Entrevista: Glenn Hurowitz
Restauração ambiental: eficaz na geração de empregos
Reflorestamento, recuperação de áreas degradadas e de cursos de água geram mais empregos que atividades convencionais. Esse é um dos motivos pelos quais os governos deveriam ver a economia da restauração como um setor que merece investimentos e subsídios. Glenn Hurowitz, diretor do programa de florestas do Center for International Policy, dos Estados Unidos, falou sobre o tema à Página22:
Por que a economia da restauração é tão eficaz na criação de empregos? Porque a natureza providencia o capital necessário para a atividade. Além disso, sempre haverá demanda por produtos florestais, e para supri-la é melhor investir em projetos de reflorestamento. Na Indonésia, os sindicatos de trabalhadores hoje lutam para que qualquer atividade madeireira seja feita em áreas reflorestadas. Idealmente você não quer derrubar áreas reflorestadas, mas é melhor fazer isso nelas do que em áreas nativas.
O papel da restauração pode ir além da mitigação e adaptação às mudanças climáticas? A melhor coisa das florestas é que elas oferecem múltiplos benefícios, não somente para o clima. Elas garantem diversidade biológica, água limpa, ar limpo. Mas podemos ver além e medir muito bem seus benefícios econômicos em termos de empregos gerados. As atividades de reflorestamento e recuperação de áreas degradadas criam 74% mais empregos do que qualquer outra atividade econômica nos EUA. Se pesquisarmos globalmente, vamos encontrar resultados semelhantes.
Por que a restauração não é percebida como um setor econômico? Os governos ainda não percebem o valor da natureza – água e biodiversidade são consideradas recursos exploráveis sem custos. Não é difícil ver os benefícios econômicos da natureza e da restauração. Se você for a um parque, verá guardasparque trabalhando; em um projeto de recuperação, há operadores de máquinas; numa área de reflorestamento, há pessoas plantando. Se os governos abrirem os olhos, verão claramente.
A questão é mais política do que econômica? Sim. E de educação também. Todos os anos temos uma conferência nacional sobre empregos verdes que sempre aborda os setores de energia e transportes e deixa de ver os empregos criados por atividades ligadas à terra ou à água. Talvez porque muitas pessoas ocupadas em proteger e restaurar ambientes naturais estão mais preocupadas com os benefícios ecológicos. Podemos ajudá-las a ver os benefícios econômicos do que estão fazendo.

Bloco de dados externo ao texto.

lemma var_approx_rel_add:
  assumes "martingale S"
  shows "var_approx_rel S \<rho> (m + n)
       = var_approx_rel S \<rho> m + (\<Sum>\<sigma>\<in>level m. var_approx_rel S (\<rho> @ \<sigma>) n) / 2 ^ m"
proof -
  let ?X = "\<Sum>\<sigma>\<in>level m. var_approx_rel S (\<rho> @ \<sigma>) n"
  have "(\<Sum>\<tau>\<in>level (m + n). (S (\<rho> @ \<tau>) - S \<rho>)\<^sup>2)
      = (\<Sum>\<sigma>\<in>level m. \<Sum>\<tau>\<in>level n. (S ((\<rho> @ \<sigma>) @ \<tau>) - S \<rho>)\<^sup>2)"
    by (simp add: sum_level_add)
  also have "\<dots> = (\<Sum>\<sigma>\<in>level m. 2 ^ n * var_approx_rel S (\<rho> @ \<sigma>) n + 2 ^ n * (S (\<rho> @ \<sigma>) - S \<rho>)\<^sup>2)"
  proof (rule sum.cong)
    fix \<sigma>
    show "(\<Sum>\<tau>\<in>level n. (S ((\<rho> @ \<sigma>) @ \<tau>) - S \<rho>)\<^sup>2)
        = 2 ^ n * var_approx_rel S (\<rho> @ \<sigma>) n + 2 ^ n * (S (\<rho> @ \<sigma>) - S \<rho>)\<^sup>2"
      using sum_level_sq_dev[OF assms, where \<rho> = "\<rho> @ \<sigma>" and x = "S \<rho>"] by (simp add: var_approx_rel_def)
  qed simp
  also have "\<dots> = 2 ^ n * ?X + 2 ^ n * (\<Sum>\<sigma>\<in>level m. (S (\<rho> @ \<sigma>) - S \<rho>)\<^sup>2)"
    by (simp add: sum.distrib sum_distrib_left)
  finally have "var_approx_rel S \<rho> (m + n)
      = (2 ^ n * ?X + 2 ^ n * (\<Sum>\<sigma>\<in>level m. (S (\<rho> @ \<sigma>) - S \<rho>)\<^sup>2)) / (2 ^ n * 2 ^ m)"
    by (simp add: var_approx_rel_def power_add mult.commute)
  also have "\<dots> = var_approx_rel S \<rho> m + ?X / 2 ^ m"
    by (simp add: var_approx_rel_def field_simps)
  finally show ?thesis .
qed

lemma incseq_var_approx_rel:
  assumes "martingale S"
  shows "incseq (var_approx_rel S \<rho>)"
  unfolding incseq_def
proof (intro allI impI)
  fix m n :: nat assume "m \<le> n"
  then obtain k where "n = m + k" using le_Suc_ex by blast
  then show "var_approx_rel S \<rho> m \<le> var_approx_rel S \<rho> n"
    by (simp add: var_approx_rel_add[OF assms] sum_nonneg var_approx_rel_nonneg)
qed

lemma Var_eq_SUP:
  assumes "martingale S"
  shows "Var S \<rho> = (SUP n. ereal (var_approx_rel S \<rho> n))"
proof -
  have "incseq (\<lambda>n. ereal (var_approx_rel S \<rho> n))"
    using incseq_var_approx_rel[OF assms] by (simp add: incseq_def)
  then have "(\<lambda>n. ereal (var_approx_rel S \<rho> n)) \<longlonglongrightarrow> (SUP n. ereal (var_approx_rel S \<rho> n))"
    by (rule LIMSEQ_SUP)
  then have "(\<lambda>n. ereal (var_approx S \<rho> (n + length \<rho>))) \<longlonglongrightarrow> (SUP n. ereal (var_approx_rel S \<rho> n))"
    by (simp only: add.commute[of _ "length \<rho>"] var_approx_eq_rel)
  then show ?thesis
    unfolding Var_def by (intro limI) (rule LIMSEQ_offset)
qed

lemma var_approx_rel_le_Var:
  assumes "martingale S"
  shows "ereal (var_approx_rel S \<rho> n) \<le> Var S \<rho>"
  unfolding Var_eq_SUP[OF assms] by (rule SUP_upper) simp

lemma var_approx_rel_tendsto_Var:
  assumes "martingale S" "Var S \<rho> < \<infinity>"
  shows "var_approx_rel S \<rho> \<longlonglongrightarrow> real_of_ereal (Var S \<rho>)"
proof -
  have "Var S \<rho> \<noteq> - \<infinity>"
    using var_approx_rel_le_Var[OF assms(1), of \<rho> 0] by auto
  then obtain V where V: "Var S \<rho> = ereal V"
    using assms(2) by (cases "Var S \<rho>") auto
  have "(\<lambda>n. ereal (var_approx_rel S \<rho> n)) \<longlonglongrightarrow> Var S \<rho>"
    unfolding Var_eq_SUP[OF assms(1)]
    by (rule LIMSEQ_SUP) (use incseq_var_approx_rel[OF assms(1)] in \<open>simp add: incseq_def\<close>)
  then show ?thesis
    unfolding V by simp
qed

lemma Var_nonneg:
  assumes "martingale S"
  shows "0 \<le> Var S \<rho>"
  using var_approx_rel_le_Var[OF assms, of \<rho> 0]
  by (simp add: var_approx_rel_def level_0 zero_ereal_def)

lemma Var_append_finite:
  assumes "martingale S" "Var S \<rho> < \<infinity>"
  shows "Var S (\<rho> @ \<sigma>) < \<infinity>"
proof -
  let ?m = "length \<sigma>"
  have "\<sigma> \<in> level ?m"
    by (simp add: level_def)
  have "var_approx_rel S (\<rho> @ \<sigma>) n \<le> 2 ^ ?m * real_of_ereal (Var S \<rho>)" for n
  proof -
    have "var_approx_rel S (\<rho> @ \<sigma>) n \<le> (\<Sum>\<sigma>'\<in>level ?m. var_approx_rel S (\<rho> @ \<sigma>') n)"
      by (rule member_le_sum) (use \<open>\<sigma> \<in> level ?m\<close> finite_level var_approx_rel_nonneg in auto)
    also have "\<dots> = 2 ^ ?m * (var_approx_rel S \<rho> (?m + n) - var_approx_rel S \<rho> ?m)"
      by (simp add: var_approx_rel_add[OF assms(1)])
    also have "\<dots> \<le> 2 ^ ?m * real_of_ereal (Var S \<rho>)"
      using incseq_le[OF incseq_var_approx_rel[OF assms(1)] var_approx_rel_tendsto_Var[OF assms], of "?m + n"]
        var_approx_rel_nonneg[of S \<rho> ?m] by simp
    finally show ?thesis .
  qed
  then have "Var S (\<rho> @ \<sigma>) \<le> ereal (2 ^ ?m * real_of_ereal (Var S \<rho>))"
    unfolding Var_eq_SUP[OF assms(1)] by (intro SUP_least) simp
  then show ?thesis
    by (rule order.strict_trans1) simp
qed

lemma sum_Var_level:
  assumes "martingale S" "Var S \<rho> < \<infinity>"
  shows "(\<Sum>\<sigma>\<in>level m. real_of_ereal (Var S (\<rho> @ \<sigma>)))
       = 2 ^ m * (real_of_ereal (Var S \<rho>) - var_approx_rel S \<rho> m)"
proof -
  have "(\<lambda>n. \<Sum>\<sigma>\<in>level m. var_approx_rel S (\<rho> @ \<sigma>) n)
      = (\<lambda>n. 2 ^ m * (var_approx_rel S \<rho> (n + m) - var_approx_rel S \<rho> m))"
    by (simp add: add.commute[of _ m] var_approx_rel_add[OF assms(1)])
  moreover have "(\<lambda>n. \<Sum>\<sigma>\<in>level m. var_approx_rel S (\<rho> @ \<sigma>) n)
      \<longlonglongrightarrow> (\<Sum>\<sigma>\<in>level m. real_of_ereal (Var S (\<rho> @ \<sigma>)))"
    using assms by (intro tendsto_sum var_approx_rel_tendsto_Var Var_append_finite)
  ultimately have "(\<lambda>n. 2 ^ m * (var_approx_rel S \<rho> (n + m) - var_approx_rel S \<rho> m))
      \<longlonglongrightarrow> (\<Sum>\<sigma>\<in>level m. real_of_ereal (Var S (\<rho> @ \<sigma>)))"
    by simp
  moreover have "(\<lambda>n. 2 ^ m * (var_approx_rel S \<rho> (n + m) - var_approx_rel S \<rho> m))
      \<longlonglongrightarrow> 2 ^ m * (real_of_ereal (Var S \<rho>) - var_approx_rel S \<rho> m)"
    using LIMSEQ_ignore_initial_segment[OF var_approx_rel_tendsto_Var[OF assms]]
    by (intro tendsto_intros)
  ultimately show ?thesis
    by (rule LIMSEQ_unique)
qed

lemma sum_sqrt_le:
  fixes x :: "'a \<Rightarrow> real"
  assumes "\<And>i. i \<in> A \<Longrightarrow> 0 \<le> x i"
  shows "(\<Sum>i\<in>A. sqrt (x i)) \<le> sqrt (card A * (\<Sum>i\<in>A. x i))"
proof -
  have "(\<Sum>i\<in>A. (sqrt (x i))\<^sup>2) = (\<Sum>i\<in>A. x i)"
    using assms by (intro sum.cong) auto
  then have L2_sqrt: "L2_set (\<lambda>i. sqrt (x i)) A = sqrt (\<Sum>i\<in>A. x i)"
    by (simp add: L2_set_def)
  have "(\<Sum>i\<in>A. sqrt (x i)) = (\<Sum>i\<in>A. \<bar>sqrt (x i)\<bar> * \<bar>1\<bar>)"
    using assms by (intro sum.cong) auto
  also have "\<dots> \<le> L2_set (\<lambda>i. sqrt (x i)) A * L2_set (\<lambda>_. 1) A"
    by (rule L2_set_mult_ineq)
  also have "\<dots> = sqrt (card A * (\<Sum>i\<in>A. x i))"
    by (simp only: L2_sqrt) (simp add: L2_set_def real_sqrt_mult mult.commute)
  finally show ?thesis .
qed

lemma mean_sqrt_Var_level_le:
  assumes "martingale S" "Var S \<rho> < \<infinity>"
  shows "(\<Sum>\<sigma>\<in>level m. sqrt (real_of_ereal (Var S (\<rho> @ \<sigma>)))) / 2 ^ m
       \<le> sqrt (real_of_ereal (Var S \<rho>) - var_approx_rel S \<rho> m)"
proof -
  have "(\<Sum>\<sigma>\<in>level m. sqrt (real_of_ereal (Var S (\<rho> @ \<sigma>))))
      \<le> sqrt (2 ^ m * (2 ^ m * (real_of_ereal (Var S \<rho>) - var_approx_rel S \<rho> m)))"
    using sum_sqrt_le[of "level m" "\<lambda>\<sigma>. real_of_ereal (Var S (\<rho> @ \<sigma>))"]
    by (simp add: Var_nonneg[OF assms(1)] real_of_ereal_pos card_level sum_Var_level[OF assms])
  also have "\<dots> = 2 ^ m * sqrt (real_of_ereal (Var S \<rho>) - var_approx_rel S \<rho> m)"
    by (simp only: mult.assoc[symmetric] real_sqrt_mult real_sqrt_mult_self) simp
  finally show ?thesis
    by (simp add: divide_le_eq mult.commute)
qed

definition level_martingale :: "nat \<Rightarrow> (bool list \<Rightarrow> real) \<Rightarrow> bool list \<Rightarrow> real" where
  "level_martingale t g \<rho> = (\<Sum>\<tau>\<in>level (t - length \<rho>). g (take t (\<rho> @ \<tau>))) / 2 ^ (t - length \<rho>)"

lemma level_martingale_at_level: "length \<rho> = t \<Longrightarrow> level_martingale t g \<rho> = g \<rho>"
  by (simp add: level_martingale_def level_0)

lemma level_martingale_Nil: "level_martingale t g [] = (\<Sum>\<sigma>\<in>level t. g \<sigma>) / 2 ^ t"
proof -
  have "(\<Sum>\<sigma>\<in>level t. g (take t \<sigma>)) = (\<Sum>\<sigma>\<in>level t. g \<sigma>)"
    by (rule sum.cong) (auto simp: level_def)
  then show ?thesis
    by (simp add: level_martingale_def)
qed

lemma level_martingale_pos:
  assumes "\<And>\<sigma>. 0 < g \<sigma>"
  shows "0 < level_martingale t g \<rho>"
proof -
  have "level (t - length \<rho>) \<noteq> {}"
    using card_level[of "t - length \<rho>"] by auto
  then show ?thesis
    unfolding level_martingale_def using assms finite_level by (intro divide_pos_pos sum_pos) auto
qed

lemma martingale_level_martingale:
  assumes "\<And>\<sigma>. 0 \<le> g \<sigma>"
  shows "martingale (level_martingale t g)"
  unfolding martingale_def
proof (intro conjI allI)
  fix \<rho>
  show "0 \<le> level_martingale t g \<rho>"
    unfolding level_martingale_def using assms by (simp add: sum_nonneg)
  show "2 * level_martingale t g \<rho>
      = level_martingale t g (\<rho> @ [False]) + level_martingale t g (\<rho> @ [True])"
  proof (cases "length \<rho> < t")
    case True
    define k where "k = t - Suc (length \<rho>)"
    have k: "t - length \<rho> = Suc 0 + k" "t - length (\<rho> @ [b]) = k" for b
      using True by (auto simp: k_def)
    have parent: "level_martingale t g \<rho>
        = ((\<Sum>\<tau>\<in>level k. g (take t (\<rho> @ [False] @ \<tau>)))
          + (\<Sum>\<tau>\<in>level k. g (take t (\<rho> @ [True] @ \<tau>)))) / 2 ^ Suc k"
      unfolding level_martingale_def k(1) sum_level_add sum_level_Suc_0 by (simp add: sum.distrib)
    have child: "level_martingale t g (\<rho> @ [b]) = (\<Sum>\<tau>\<in>level k. g (take t (\<rho> @ [b] @ \<tau>))) / 2 ^ k" for b
      unfolding level_martingale_def k(2) by simp
    show ?thesis
      unfolding parent child by (simp add: add_divide_distrib)
  next
    case False
    then show ?thesis
      by (simp add: level_martingale_def level_0)
  qed
qed

lemma level_martingale_sqrt_Var_Nil:
  assumes "martingale S" "Var S [] < \<infinity>" "0 \<le> b"
  shows "level_martingale t (\<lambda>\<sigma>. a + b * sqrt (real_of_ereal (Var S \<sigma>))) []
       \<le> a + b * sqrt (real_of_ereal (Var S []) - var_approx_rel S [] t)"
proof -
  have "level_martingale t (\<lambda>\<sigma>. a + b * sqrt (real_of_ereal (Var S \<sigma>))) []
      = a + b * ((\<Sum>\<sigma>\<in>level t. sqrt (real_of_ereal (Var S ([] @ \<sigma>)))) / 2 ^ t)"
    by (simp add: level_martingale_Nil sum.distrib sum_distrib_left card_level add_divide_distrib)
  also have "\<dots> \<le> a + b * sqrt (real_of_ereal (Var S []) - var_approx_rel S [] t)"
    using mult_left_mono[OF mean_sqrt_Var_level_le[OF assms(1,2), of t] assms(3)] by simp
  finally show ?thesis .
qed

theorem lemma3p4:
  fixes S' :: "bool list \<Rightarrow> real" and c chat :: real
  assumes "martingale S'"
    and "Var S' [] < \<infinity>"
    and "c > S' []"
    and "chat \<ge> 0"
  shows "\<exists>S. martingale S \<and> S [] < c \<and> (\<forall>\<rho>. S \<rho> > S' \<rho>) \<and>
           (\<exists>t::nat. \<forall>\<rho>. length \<rho> = t \<longrightarrow>
              S \<rho> > S' \<rho> + chat * sqrt (real_of_ereal (Var S' \<rho>)))"
proof -
  define \<epsilon> where "\<epsilon> = c - S' []"
  have "0 < \<epsilon>"
    using assms(3) by (simp add: \<epsilon>_def)
  have "(\<lambda>n. chat * sqrt (real_of_ereal (Var S' []) - var_approx_rel S' [] n)) \<longlonglongrightarrow> 0"
    using var_approx_rel_tendsto_Var[OF assms(1,2)] by (auto intro!: tendsto_eq_intros)
  then have "\<forall>\<^sub>F n in sequentially. chat * sqrt (real_of_ereal (Var S' []) - var_approx_rel S' [] n) < \<epsilon> / 2"
    by (rule order_tendstoD) (simp add: \<open>0 < \<epsilon>\<close>)
  then obtain t where t: "chat * sqrt (real_of_ereal (Var S' []) - var_approx_rel S' [] t) < \<epsilon> / 2"
    by (auto simp: eventually_sequentially)
  define f where "f = (\<lambda>\<sigma>. \<epsilon> / 2 + chat * sqrt (real_of_ereal (Var S' \<sigma>)))"
  have f_pos: "0 < f \<sigma>" for \<sigma>
    unfolding f_def using \<open>0 < \<epsilon>\<close> assms(4) real_of_ereal_pos[OF Var_nonneg[OF assms(1)]]
    by (intro add_pos_nonneg mult_nonneg_nonneg) auto
  have root: "level_martingale t f [] < \<epsilon>"
    using level_martingale_sqrt_Var_Nil[OF assms(1,2,4), of t "\<epsilon> / 2"] t unfolding f_def by linarith
  define S where "S \<rho> = S' \<rho> + level_martingale t f \<rho>" for \<rho>
  have "martingale S"
    unfolding S_def using assms(1) f_pos by (intro martingale_add martingale_level_martingale less_imp_le)
  moreover have "S [] < c"
    using root by (simp add: S_def \<epsilon>_def)
  moreover have "\<forall>\<rho>. S' \<rho> < S \<rho>"
    by (simp add: S_def level_martingale_pos f_pos)
  moreover have "\<forall>\<rho>. length \<rho> = t \<longrightarrow> S' \<rho> + chat * sqrt (real_of_ereal (Var S' \<rho>)) < S \<rho>"
    using \<open>0 < \<epsilon>\<close> by (simp add: S_def level_martingale_at_level f_def)
  ultimately show ?thesis
    by blast
qed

Como engendrar um ambiente político mais favorável para o crescimento da restauração? Um passo é a criação de subsídios econômicos para gerar empregos nesse setor. Na crise financeira, o governo dos EUA criou um pacote de estímulos centrado em energia, transportes e educação, e destinou pouco dinheiro para reflorestamento e recuperação de áreas úmidas, que oferecem níveis altos de geração de emprego por dólar investido. Acho que essa é a realidade no mundo todo, porque as pessoas não se deram conta dos benefícios da economia verde.